Net income declined to $158.7 million, or 35 cents a share, from $202.3 million, or 44 cents, a year earlier, Atlanta-based Invesco said today in a statement. Excluding certain items, earnings of 45 cents a share missed the 47 cents-a-share average estimate of 20 analysts in a Bloomberg survey. Shares fell by the most in eight months.
“Compensation expense came in significantly higher than anticipated,” Daniel Fannon, an analyst in San Francisco with Jefferies & Co., wrote in a research note published today.
Expenses rose 11 percent, outpacing the 9.6 percent revenue growth, as compensation costs increased and the company booked a one-time expense tied to the refinancing of debt. Chief Executive Officer Martin Flanagan has used acquisitions to broaden Invesco’s offerings beyond traditional stock and bond mutual funds since taking over in 2005.
Invesco declined 3.6 percent to close at $27.25 in New York, the most since June 1. The shares have risen 4.5 percent this year, compared with a 10 percent gain by Standard & Poor’s 20-company index for asset managers and custody banks.
“The compensation-to-revenue ratio will decline,” Chief Financial Officer Loren Starr said during a conference call with analysts, responding to several questions on the topic.

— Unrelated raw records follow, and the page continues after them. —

(* (1) Let $a_{n,j}=2^j\binom nj$ for integers $n\geq 3$, $0\leq j\leq n$. Then for all integers $m\geq2$ and $0\leq l\leq m-1$, $$\frac{a_{3m-3,\,3m-l-3}}{a_{3m-3,\,l+m-1}}\leq\frac{a_{3m-2,\,3m-l-2}}{a_{3m-2,\,l+m-1}}\leq\frac{a_{3m-1,\,3m-l-1}}{a_{3m-1,\,l+m-1}}\leq 9.$$ (2) Let $a_{n,j}=3^j\binom nj$ for integers $n\geq2$, $0\leq j\leq n$. Then for all integers $m\geq2$ and $0\leq l\leq\lfloor (m-1)/2\rfloor$, $$\frac{a_{2m-2,\,2m-l-2}}{a_{2m-2,\,l+m-1}}\leq\frac{a_{2m-1,\,2m-l-1}}{a_{2m-1,\,l+m-1}}\leq 8.$$ *)

theory Defs
  imports Complex_Main
begin

definition aseq :: "nat \<Rightarrow> nat \<Rightarrow> nat \<Rightarrow> real" where
  "aseq c n j = real c ^ j * real (n choose j)"

end

theory Submission
  imports Defs
begin

text \<open>
  Write the ratios as a_{n,j} / a_{n,k}. Passing from (n, j, k) to (n+1, j+1, k) multiplies such a
  ratio by c (n+1-k) / (j+1), which is at least 1 in the ranges of the statement; this gives the
  chains of inequalities. For the upper bounds, moving the two indices one step towards each other
  divides the ratio by at most q = 1 + 3/(2m+1) (for c = 2) resp. q = 1 + 3/(m-1) (for c = 3), a
  polynomial inequality in the step position. At most m-1 resp. (m-1)/2 steps lead to an innermost
  ratio with an explicit value at most 8/5 resp. 3/2, and the accumulated factor is at most
  exp (3/2) < 5; the few small m not covered by these estimates are checked directly.
\<close>

lemma aseq_nonneg: "0 \<le> aseq c n j"
  by (simp add: aseq_def)

lemma aseq_pos: "j \<le> n \<Longrightarrow> 0 < c \<Longrightarrow> 0 < aseq c n j"
  by (simp add: aseq_def)

lemma aseq_Suc: "aseq c n (Suc j) = aseq c n j * (real c * real (n - j) / real (Suc j))"
proof -
  have binom: "real (Suc j) * real (n choose Suc j) = real (n - j) * real (n choose j)"
    by (metis binomial_absorption binomial_absorb_comp of_nat_mult)
  have "aseq c n (Suc j) * real (Suc j)
      = real c * real c ^ j * (real (Suc j) * real (n choose Suc j))"
    by (simp add: aseq_def ac_simps del: of_nat_Suc)
  also have "\<dots> = aseq c n j * (real c * real (n - j))"
    unfolding binom by (simp add: aseq_def ac_simps)
  finally show ?thesis
    by (simp add: eq_divide_eq del: of_nat_Suc)
qed

lemma aseq_Suc_Suc: "aseq c (Suc n) (Suc j) = aseq c n j * (real c * real (Suc n) / real (Suc j))"
proof -
  have binom: "real (Suc j) * real (Suc n choose Suc j) = real (Suc n) * real (n choose j)"
    by (metis Suc_times_binomial of_nat_mult)
  have "aseq c (Suc n) (Suc j) * real (Suc j)
      = real c * real c ^ j * (real (Suc j) * real (Suc n choose Suc j))"
    by (simp add: aseq_def ac_simps del: of_nat_Suc)
  also have "\<dots> = aseq c n j * (real c * real (Suc n))"
    unfolding binom by (simp add: aseq_def ac_simps del: of_nat_Suc)
  finally show ?thesis
    by (simp add: eq_divide_eq del: of_nat_Suc)
qed

lemma aseq_Suc_row:
  assumes "j \<le> n"
  shows "aseq c (Suc n) j = aseq c n j * (real (Suc n) / real (Suc n - j))"
proof -
  have "real (Suc n - j) * real (Suc n choose j) = real (Suc n) * real (n choose j)"
    by (metis binomial_absorb_comp diff_Suc_1 of_nat_mult)
  then have "aseq c (Suc n) j * real (Suc n - j) = aseq c n j * real (Suc n)"
    unfolding aseq_def by (simp only: ac_simps)
  then show ?thesis
    using assms by (simp add: eq_divide_eq del: of_nat_Suc)
qed

lemma aseq_ratio_mono_row:
  assumes "k \<le> n" "0 < c" "Suc j \<le> c * (Suc n - k)"
  shows "aseq c n j / aseq c n k \<le> aseq c (Suc n) (Suc j) / aseq c (Suc n) k"
proof -
  have ratio: "aseq c (Suc n) (Suc j) / aseq c (Suc n) k
      = aseq c n j / aseq c n k * (real c * real (Suc n - k) / real (Suc j))"
    using aseq_pos[OF assms(1,2)] assms(1)
    unfolding aseq_Suc_Suc aseq_Suc_row[OF assms(1)]
    by (simp add: field_simps del: of_nat_Suc)
  have factor: "1 \<le> real c * real (Suc n - k) / real (Suc j)"
  proof -
    have "real (Suc j) \<le> real c * real (Suc n - k)"
      using assms(3) by (metis of_nat_le_iff of_nat_mult)
    then show ?thesis
      by (simp only: le_divide_eq_1_pos of_nat_0_less_iff zero_less_Suc)
  qed
  have "0 \<le> aseq c n j / aseq c n k"
    by (simp add: aseq_nonneg)
  from mult_left_mono[OF factor this] show ?thesis
    unfolding ratio by simp
qed
theorem theorem5:
  fixes F G :: "'p::finite mat \<Rightarrow> ereal"
    and \<rho> \<phi>1 \<phi>2 :: real
    and \<omega>s :: "'p mat \<times> 'p mat \<times> 'p mat"
  assumes "proper_fn F" "closed_fn F" "convex_fn F"
    and "proper_fn G" "closed_fn G" "convex_fn G"
    and "0 < \<rho>" "\<rho> < 1" "0 < \<phi>1" "0 < \<phi>2"
    and "bij (prox (1 / (\<rho> * \<phi>2)) G)"
    and "KKT_set F G \<noteq> {}"
    and "\<omega>s \<in> KKT_set F G"
  shows "\<exists>\<Omega>0 :: ('p mat \<times> 'p mat \<times> 'p mat) set. \<Omega>0 \<in> null_sets lebesgue \<and>
           (\<forall>\<omega>. \<omega> \<notin> KKT_set F G \<union> \<Omega>0 \<longrightarrow>
              (\<exists>w1 w2 \<alpha> \<beta> \<gamma>. (\<forall>i j. 0 < w1 $ i $ j) \<and> (\<forall>i j. 0 < w2 $ i $ j) \<and>
                 norm (reparam_step F G w1 w2 \<alpha> \<beta> \<gamma> \<omega> - \<omega>s)
                   < norm (ladmm_step F G \<rho> \<phi>1 \<phi>2 \<omega> - \<omega>s)))"
proof -
  obtain Xs Vs where \<omega>s: "\<omega>s = (Xs, Xs, Vs)" and subgrad: "- Vs \<in> subdiff F Xs"
    using assms(13) unfolding KKT_set_def by auto
  have F_finite_below: "\<And>U. F U \<noteq> -\<infinity>" using assms(1) unfolding proper_fn_def by auto
  have "0 < 1 / (\<rho> * \<phi>2)" using assms(7,10) by simp
  note approach = reparam_step_approaches_KKT_point[OF F_finite_below subgrad this bij_is_surj[OF assms(11)]]
  define \<Omega>0 where "\<Omega>0 = {\<omega> :: 'p mat \<times> 'p mat \<times> 'p mat. \<exists>i j. snd (snd \<omega>) $ i $ j \<in> {0, Vs $ i $ j}}"
  have "\<Omega>0 \<in> null_sets lebesgue" unfolding \<Omega>0_def by (rule null_sets_dual_entry_in) simp
  moreover have "\<exists>w1 w2 \<alpha> \<beta> \<gamma>. (\<forall>i j. 0 < w1 $ i $ j) \<and> (\<forall>i j. 0 < w2 $ i $ j) \<and>
                 norm (reparam_step F G w1 w2 \<alpha> \<beta> \<gamma> \<omega> - \<omega>s)
                   < norm (ladmm_step F G \<rho> \<phi>1 \<phi>2 \<omega> - \<omega>s)" if "\<omega> \<notin> \<Omega>0" for \<omega>
  proof -
    obtain X Y V where \<omega>: "\<omega> = (X, Y, V)" by (cases \<omega>)
    have V_nonzero: "\<And>i j. V $ i $ j \<noteq> 0" using that unfolding \<Omega>0_def \<omega> by auto
    have "V \<noteq> Vs"
    proof
      assume "V = Vs"
      then have "\<omega> \<in> \<Omega>0" unfolding \<Omega>0_def \<omega> by simp
      with that show False by contradiction
    qed
    from approach[OF V_nonzero ladmm_step_dist_KKT_pos[OF this]] show ?thesis unfolding \<omega> \<omega>s .
  qed
  ultimately show ?thesis by (metis UnCI)
qed

end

Costs tied to compensation rose 8.6 percent as employee pay included “additional bonus expense predominately linked to the quarter’s performance fee revenues and increases in operating income,” the company said in the statement.
Invesco drew a net $1 billion in investor deposits in the quarter, contributing to a 0.7 percent increase in assets to $687.7 billion. Sales of equity-focused products in January are running 50 percent higher than in the fourth quarter, Starr said today in an interview.
“January has been an extraordinary month in terms of flows coming back into a whole range of our products,” Starr said.
Client deposits in the fourth quarter included $1.8 billion to actively managed products. Clients withdrew $900 million from index-based products, driven by redemptions from the PowerShares QQQ Trust, the firm’s largest exchange-traded fund, according to Starr.
Invesco’s multi-asset products, which invest across stocks, bonds and commodities, grew 39 percent in 2012, led by deposits to its $12.2 billion Balanced Risk Allocation Fund. (ABRZX) That fund has grown more than threefold since the end of 2011.
Earnings included a $23.5 million cost tied to the redemption of bonds. Invesco issued $600 million in debt in November at 3.13 percent interest with repayment scheduled for 2022. The company used $531 million of the proceeds to redeem debt paying 5.4 percent due this year and next. The remainder would be used for general purposes, the company said at the time.
The company also booked about $20 million in costs related to outsourcing its European transfer agency and restructuring distribution in Europe. Net income in the fourth quarter of 2011 was boosted by $45 million from the settlement of a lawsuit connected to the 2007 departure of investment professionals to a competitor.
After excluding those and other items, profit rose 6.4 percent from a year earlier, the company said.
The company repurchased 3 million shares of its own stock at a cost of $75 million in the fourth quarter. It bought back $265 million in stock in 2012.
BlackRock Inc. (BLK), the world’s biggest money manager, said Jan. 17 that fourth-quarter net income rose 24 percent as clients deposited a net $47 billion, mostly to index-linked products, in the three months ended Dec. 31. T. Rowe Price Group Inc., based in Baltimore, said Jan. 29 that profit rose 23 percent even as clients pulled money for the first time in five quarters.